At CreativeJigsaw we love that we're able to use a drone commercially, something enabled by our license from the Civil Aviation Authority. It allows us to obtain aerial images that add an extra dimension to our productions when requested by our clients (and also logistically possible). We leave it there though - at images that is. But drones are increasingly popping up more and more for applications beyond filming and photographing from the air, from aerial mapping to delivering goods ordered online.

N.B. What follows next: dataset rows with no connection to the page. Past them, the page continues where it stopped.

(* On an escaping orbit ln|p^n(z)| grows at least like c d^n for some c > 0:
   t_n = ln|z_n| - ln 2 satisfies t_{n+1} >= d t_n since d >= 2, and t_k >= ln 2. *)
lemma escaping_orbit_log_growth:
  assumes "d \<ge> 2" "degree p = d" "lead_coeff p = 1" "z \<in> escape_set p"
  shows "\<exists>c>0. \<exists>k. \<forall>n\<ge>k. c * real d ^ n \<le> ln (norm ((poly p ^^ n) z))"
proof -
  obtain k where k: "\<forall>n\<ge>k. 4 \<le> norm ((poly p ^^ n) z) \<and>
      \<bar>ln (norm ((poly p ^^ Suc n) z)) - real d * ln (norm ((poly p ^^ n) z))\<bar> \<le> ln 2"
    using escaping_orbit_log_step[OF assms, where M = 4] by blast
  define t where "t = (\<lambda>n. ln (norm ((poly p ^^ n) z)) - ln 2)"
  have d0: "real d > 0" using assms(1) by simp
  have ln4: "ln (4 :: real) = 2 * ln 2"
    using ln_realpow[of 2 2] by simp
  have "4 \<le> norm ((poly p ^^ k) z)" using k by auto
  then have "ln 4 \<le> ln (norm ((poly p ^^ k) z))" by (subst ln_le_cancel_iff) auto
  then have tk: "ln 2 \<le> t k" using ln4 unfolding t_def by simp
  have "real d * t n \<le> t (Suc n)" if "n \<ge> k" for n
  proof -
    have "\<bar>ln (norm ((poly p ^^ Suc n) z)) - real d * ln (norm ((poly p ^^ n) z))\<bar> \<le> ln 2"
      using k that by blast
    moreover have "2 * ln 2 \<le> real d * ln 2" using assms(1) by (intro mult_right_mono) auto
    ultimately show ?thesis unfolding t_def right_diff_distrib abs_le_iff by linarith
  qed
  then have geom: "real d ^ (n - k) * t k \<le> t n" if "n \<ge> k" for n
    using geometric_lower_bound[of "real d" k t n] that by simp
  have "(ln 2 / real d ^ k) * real d ^ n \<le> ln (norm ((poly p ^^ n) z))" if "n \<ge> k" for n
  proof -
    have "(ln 2 / real d ^ k) * real d ^ n = real d ^ (n - k) * ln 2"
      using that d0 by (simp add: power_diff)
    also have "\<dots> \<le> real d ^ (n - k) * t k" using tk by (intro mult_left_mono) auto
    also have "\<dots> \<le> t n" using geom[OF that] .
    also have "\<dots> \<le> ln (norm ((poly p ^^ n) z))" unfolding t_def by simp
    finally show ?thesis .
  qed
  moreover have "ln 2 / real d ^ k > 0" using d0 by simp
  ultimately show ?thesis by blast
qed


lemma W_R_norms:
  assumes "(z, w) \<in> W_R B d R" "R \<ge> 0"
  shows "norm z > R \<and> w \<noteq> 0"
proof (cases "alpha B d")
  case (real a)
  then have "norm z > R" "norm w > R * norm z powr a" using assms(1) by (auto simp: W_R_def)
  moreover have "R * norm z powr a \<ge> 0" using assms(2) by simp
  ultimately show ?thesis by auto
qed (use assms(1) in \<open>auto simp: W_R_def\<close>)

lemma low_monos_finite: "finite (low_monos B d)"
proof (rule finite_subset)
  show "low_monos B d \<subseteq> (\<Union>m<d. {..degree (B m)} \<times> {m})"
    by (auto simp: low_monos_def intro: le_degree)
qed auto

lemma alpha_ge_slope:
  assumes "m < d" "B m \<noteq> 0"
  shows "\<exists>a. alpha B d = ereal a \<and>
           (real (degree (B m)) - real (degree (B d))) / (real d - real m) \<le> a"
proof -
  define S where "S = (\<lambda>(n, m). (real n - real (degree (B d))) / (real d - real m)) ` low_monos B d"
  have mem: "(degree (B m), m) \<in> low_monos B d" using assms by (simp add: low_monos_def)
  then have "(real (degree (B m)) - real (degree (B d))) / (real d - real m) \<in> S"
    unfolding S_def by force
  moreover have "finite S" unfolding S_def using low_monos_finite by simp
  moreover have "alpha B d = ereal (Max S)" using mem unfolding alpha_def S_def by auto
  ultimately show ?thesis by auto
qed

(* The inequality behind the choice of alpha: if (n - g) <= a (d - m), x > R >= 1 and
   y > R x^a, then x^n y^m <= x^g y^d / R. *)
lemma monomial_domination:
  fixes x y R a :: real
  assumes x: "x > R" and R: "R \<ge> 1" and y: "y > R * x powr a"
    and slope: "real n - real g \<le> a * (real d - real m)" and m: "m < d"
  shows "x ^ n * y ^ m \<le> x ^ g * y ^ d / R"
proof -
  have x0: "x > 0" "x \<ge> 1" using x R by auto
  have "R * x powr a > 0" using x0 R by simp
  then have y0: "y > 0" using y by linarith
  have "R * x powr (real n - real g) \<le> R ^ (d - m) * x powr (a * real (d - m))"
  proof (rule mult_mono)
    show "R \<le> R ^ (d - m)" using power_increasing[of 1 "d - m" R] R m by simp
    show "x powr (real n - real g) \<le> x powr (a * real (d - m))"
      using slope m x0 by (intro powr_mono) (auto simp: of_nat_diff)
  qed (use R in auto)
  also have "\<dots> = (R * x powr a) ^ (d - m)"
    using x0 by (simp add: power_mult_distrib powr_realpow[symmetric] powr_powr)
  also have "\<dots> \<le> y ^ (d - m)" using y \<open>R * x powr a > 0\<close> by (intro power_mono) auto
  finally have Y: "R * x powr (real n - real g) \<le> y ^ (d - m)" .
  have "x ^ n * y ^ m * R = x ^ g * y ^ m * (R * x powr (real n - real g))"
    using x0 by (simp add: powr_realpow[symmetric] powr_add[symmetric] algebra_simps)
  also have "\<dots> \<le> x ^ g * y ^ m * y ^ (d - m)" using Y y0 x0 by (intro mult_left_mono) auto
  also have "\<dots> = x ^ g * y ^ d" using m by (simp add: power_add[symmetric])
  finally show ?thesis using R by (simp add: field_simps)
qed

definition low_coeff_mass :: "(nat \<Rightarrow> complex poly) \<Rightarrow> nat \<Rightarrow> real" where
  "low_coeff_mass B d = (\<Sum>m<d. \<Sum>i\<le>degree (B m). norm (coeff (B m) i))"

lemma low_order_part_bound:
  assumes R: "R \<ge> 1" and zw: "(z, w) \<in> W_R B d R"
  shows "norm (\<Sum>m<d. poly (B m) z * w ^ m)
           \<le> low_coeff_mass B d * (norm z ^ degree (B d) * norm w ^ d / R)"
proof -
  define X where "X = norm z ^ degree (B d) * norm w ^ d / R"
  have term_bound: "norm (poly (B m) z * w ^ m) \<le> (\<Sum>i\<le>degree (B m). norm (coeff (B m) i)) * X"
    if m: "m < d" for m
  proof (cases "B m = 0")
    case False
    obtain a where a: "alpha B d = ereal a"
        "(real (degree (B m)) - real (degree (B d))) / (real d - real m) \<le> a"
      using alpha_ge_slope[of m d B, OF m False] by blast
    have zw': "norm z > R" "norm w > R * norm z powr a" using zw a(1) by (auto simp: W_R_def)
    have "real (degree (B m)) - real (degree (B d)) \<le> a * (real d - real m)"
      using a(2) m by (simp add: pos_divide_le_eq)
    then have mono: "norm z ^ degree (B m) * norm w ^ m \<le> X"
      unfolding X_def by (rule monomial_domination[OF zw'(1) R zw'(2) _ m])
    define C where "C = (\<Sum>i\<le>degree (B m). norm (coeff (B m) i))"
    have "norm (poly (B m) z) \<le> C * norm z ^ degree (B m)"
      unfolding C_def using poly_norm_le_coeff_sum[of z "B m"] zw'(1) R by simp
    then have "norm (poly (B m) z * w ^ m) \<le> C * (norm z ^ degree (B m) * norm w ^ m)"
      by (simp add: norm_mult norm_power mult.assoc[symmetric] mult_right_mono)
    also have "\<dots> \<le> C * X" using mono by (intro mult_left_mono) (auto simp: C_def sum_nonneg)
    finally show ?thesis unfolding C_def .
  qed simp
  have "norm (\<Sum>m<d. poly (B m) z * w ^ m) \<le> (\<Sum>m<d. norm (poly (B m) z * w ^ m))"
    by (rule norm_sum)
  also have "\<dots> \<le> (\<Sum>m<d. (\<Sum>i\<le>degree (B m). norm (coeff (B m) i)) * X)"
    using term_bound by (intro sum_mono) auto
  finally show ?thesis unfolding low_coeff_mass_def X_def sum_distrib_right .
qed

(* The leading
   coefficient b contributes at least |z|^gamma |w|^d / 2, the lower part at most a quarter
   of that, and gamma >= 1 gives |z|^gamma >= |z|. *)
lemma qfun_lower_bound:
  assumes deg: "degree (B d) \<ge> 1" and R: "R \<ge> 1" "4 * low_coeff_mass B d \<le> R"
    and lead: "\<And>x. R \<le> norm x \<Longrightarrow> norm x ^ degree (B d) / 2 \<le> norm (poly (B d) x)"
    and zw: "(z, w) \<in> W_R B d R"
  shows "norm z * norm w ^ d / 4 \<le> norm (qfun B d z w)"
proof -
  have z: "norm z > R" and w: "w \<noteq> 0" using W_R_norms[OF zw] R(1) by auto
  define X where "X = norm z ^ degree (B d) * norm w ^ d"
  have "{..d} = insert d {..<d}" by auto
  then have split: "qfun B d z w = poly (B d) z * w ^ d + (\<Sum>m<d. poly (B m) z * w ^ m)"
    unfolding qfun_def by simp
  have "norm (\<Sum>m<d. poly (B m) z * w ^ m) \<le> low_coeff_mass B d * (X / R)"
    using low_order_part_bound[OF R(1) zw] by (simp add: X_def)
  also have "\<dots> \<le> X / 4"
    using R mult_right_mono[OF R(2), of X] by (simp add: X_def field_simps)
  finally have low: "norm (\<Sum>m<d. poly (B m) z * w ^ m) \<le> X / 4" .
  have "X / 2 \<le> norm (poly (B d) z * w ^ d)"
    using mult_right_mono[OF lead[of z], of "norm w ^ d"] z
    by (simp add: X_def norm_mult norm_power)
  moreover have "norm (poly (B d) z * w ^ d) - norm (\<Sum>m<d. poly (B m) z * w ^ m)
                   \<le> norm (qfun B d z w)"
    unfolding split by (rule norm_diff_ineq)
  moreover have "norm z * norm w ^ d \<le> X"
    using power_increasing[OF deg, of "norm z"] z R(1) by (simp add: X_def mult_right_mono)
  ultimately show ?thesis using low by linarith
qed


lemma skew_iter_fst: "fst ((skew p B d ^^ n) x) = (poly p ^^ n) (fst x)"
  by (induction n) (auto simp: skew_def split: prod.splits)

lemma skew_iter_snd_Suc:
  "snd ((skew p B d ^^ Suc n) x) = qfun B d (fst ((skew p B d ^^ n) x)) (snd ((skew p B d ^^ n) x))"
  by (simp add: skew_def split: prod.splits)

definition normalized_height ::
  "complex poly \<Rightarrow> (nat \<Rightarrow> complex poly) \<Rightarrow> nat \<Rightarrow> complex \<times> complex \<Rightarrow> nat \<Rightarrow> real" where
  "normalized_height p B d x n =
     logplus (max (rpow (norm (fst ((skew p B d ^^ n) x))) (alpha_plus B d))
                  (norm (snd ((skew p B d ^^ n) x)))) / real d ^ n"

Here's a particularly niche one though...
Flash Forest
A venture calling itself Flash Forest is intending to use drones to re-forest huge swathes of land in a short space of time - our headline above is taken from their website and adding an extra one thousand million trees in the next 8 years is certainly not without ambition!
A 7 billion+ shortfall every year
As they say on their home page though, every year there are 13 billion trees lost across the world and we regain fewer than half that number. By that measure their 8 year time-span gives us a net deficit of about 56 billions trees, that's disregarding the billions lost in previous years, making the one billion target start to seem a bit like a drop in the ocean!
What's not in doubt is that we need to start doing something about this situation sooner rather than later. It'll take a multi-pronged approach that must surely involve massively reducing the rate of tree loss, with efforts like this one to re-forest just one part of the mix.
But why drones?
Well, Flash Forest say their drone approach means they can plant at 10 times the normal rate and at only 20% of the cost of traditional tree planting techniques. Those are impressive figures.
Can drones dig?
You might wonder how a drone can dig a hole and plant a tree but in fact the technique involves firing pods of nutrient rich soil packed around three pre-germinated seeds, like a casing. The nutrient rich padding can keep the germinated seeds alive for up to nine months, giving them plenty of time to take root in the local environment. Each drone will be capable of shooting around one pod per second into the ground and the system will allow a human pilot to operate as many as ten drones simultaneously.
It's clear that Unmanned Aerial Vehicles / UAVs (drones to you and me) are going to be playing greater and greater roles in multiple applications right across the globe over the coming years. But beyond getting your Amazon delivery to you in lightning quick time, some of them might just help save the planet.